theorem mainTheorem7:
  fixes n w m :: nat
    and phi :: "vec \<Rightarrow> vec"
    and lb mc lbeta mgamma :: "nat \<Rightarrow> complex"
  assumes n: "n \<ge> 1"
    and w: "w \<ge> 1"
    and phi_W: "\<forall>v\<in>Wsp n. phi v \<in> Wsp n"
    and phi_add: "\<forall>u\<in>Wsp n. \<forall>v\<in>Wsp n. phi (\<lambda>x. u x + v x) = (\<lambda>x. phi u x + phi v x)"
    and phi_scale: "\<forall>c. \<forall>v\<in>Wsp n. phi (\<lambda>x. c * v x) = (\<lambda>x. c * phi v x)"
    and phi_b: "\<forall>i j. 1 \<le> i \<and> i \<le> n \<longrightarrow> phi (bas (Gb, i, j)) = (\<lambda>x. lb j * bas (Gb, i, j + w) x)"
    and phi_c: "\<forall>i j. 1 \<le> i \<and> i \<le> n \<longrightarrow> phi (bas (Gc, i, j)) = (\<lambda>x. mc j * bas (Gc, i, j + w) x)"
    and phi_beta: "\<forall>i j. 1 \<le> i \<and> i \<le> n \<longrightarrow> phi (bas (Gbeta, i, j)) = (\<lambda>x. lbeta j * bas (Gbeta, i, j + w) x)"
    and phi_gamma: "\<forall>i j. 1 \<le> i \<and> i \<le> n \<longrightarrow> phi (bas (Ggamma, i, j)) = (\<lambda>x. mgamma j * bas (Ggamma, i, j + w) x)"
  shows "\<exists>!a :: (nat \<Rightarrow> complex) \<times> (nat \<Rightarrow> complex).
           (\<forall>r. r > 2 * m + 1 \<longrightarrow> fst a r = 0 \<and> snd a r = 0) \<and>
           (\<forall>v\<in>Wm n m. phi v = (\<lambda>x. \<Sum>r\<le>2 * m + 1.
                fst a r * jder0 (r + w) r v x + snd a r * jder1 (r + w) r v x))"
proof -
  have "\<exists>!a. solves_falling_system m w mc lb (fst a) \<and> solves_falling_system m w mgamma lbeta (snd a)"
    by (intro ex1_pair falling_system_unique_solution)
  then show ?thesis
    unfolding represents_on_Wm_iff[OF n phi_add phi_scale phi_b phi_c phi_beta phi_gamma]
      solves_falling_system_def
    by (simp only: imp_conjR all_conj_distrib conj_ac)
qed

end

What is required: Set down all of the lines above without altering a word.

Written response:
theorem mainTheorem7:
  fixes n w m :: nat
    and phi :: "vec \<Rightarrow> vec"
    and lb mc lbeta mgamma :: "nat \<Rightarrow> complex"
  assumes n: "n \<ge> 1"
    and w: "w \<ge> 1"
    and phi_W: "\<forall>v\<in>Wsp n. phi v \<in> Wsp n"
    and phi_add: "\<forall>u\<in>Wsp n. \<forall>v\<in>Wsp n. phi (\<lambda>x. u x + v x) = (\<lambda>x. phi u x + phi v x)"
    and phi_scale: "\<forall>c. \<forall>v\<in>Wsp n. phi (\<lambda>x. c * v x) = (\<lambda>x. c * phi v x)"
    and phi_b: "\<forall>i j. 1 \<le> i \<and> i \<le> n \<longrightarrow> phi (bas (Gb, i, j)) = (\<lambda>x. lb j * bas (Gb, i, j + w) x)"
    and phi_c: "\<forall>i j. 1 \<le> i \<and> i \<le> n \<longrightarrow> phi (bas (Gc, i, j)) = (\<lambda>x. mc j * bas (Gc, i, j + w) x)"
    and phi_beta: "\<forall>i j. 1 \<le> i \<and> i \<le> n \<longrightarrow> phi (bas (Gbeta, i, j)) = (\<lambda>x. lbeta j * bas (Gbeta, i, j + w) x)"
    and phi_gamma: "\<forall>i j. 1 \<le> i \<and> i \<le> n \<longrightarrow> phi (bas (Ggamma, i, j)) = (\<lambda>x. mgamma j * bas (Ggamma, i, j + w) x)"
  shows "\<exists>!a :: (nat \<Rightarrow> complex) \<times> (nat \<Rightarrow> complex).
           (\<forall>r. r > 2 * m + 1 \<longrightarrow> fst a r = 0 \<and> snd a r = 0) \<and>
           (\<forall>v\<in>Wm n m. phi v = (\<lambda>x. \<Sum>r\<le>2 * m + 1.
                fst a r * jder0 (r + w) r v x + snd a r * jder1 (r + w) r v x))"
proof -
  have "\<exists>!a. solves_falling_system m w mc lb (fst a) \<and> solves_falling_system m w mgamma lbeta (snd a)"
    by (intro ex1_pair falling_system_unique_solution)
  then show ?thesis
    unfolding represents_on_Wm_iff[OF n phi_add phi_scale phi_b phi_c phi_beta phi_gamma]
      solves_falling_system_def
    by (simp only: imp_conjR all_conj_distrib conj_ac)
qed

end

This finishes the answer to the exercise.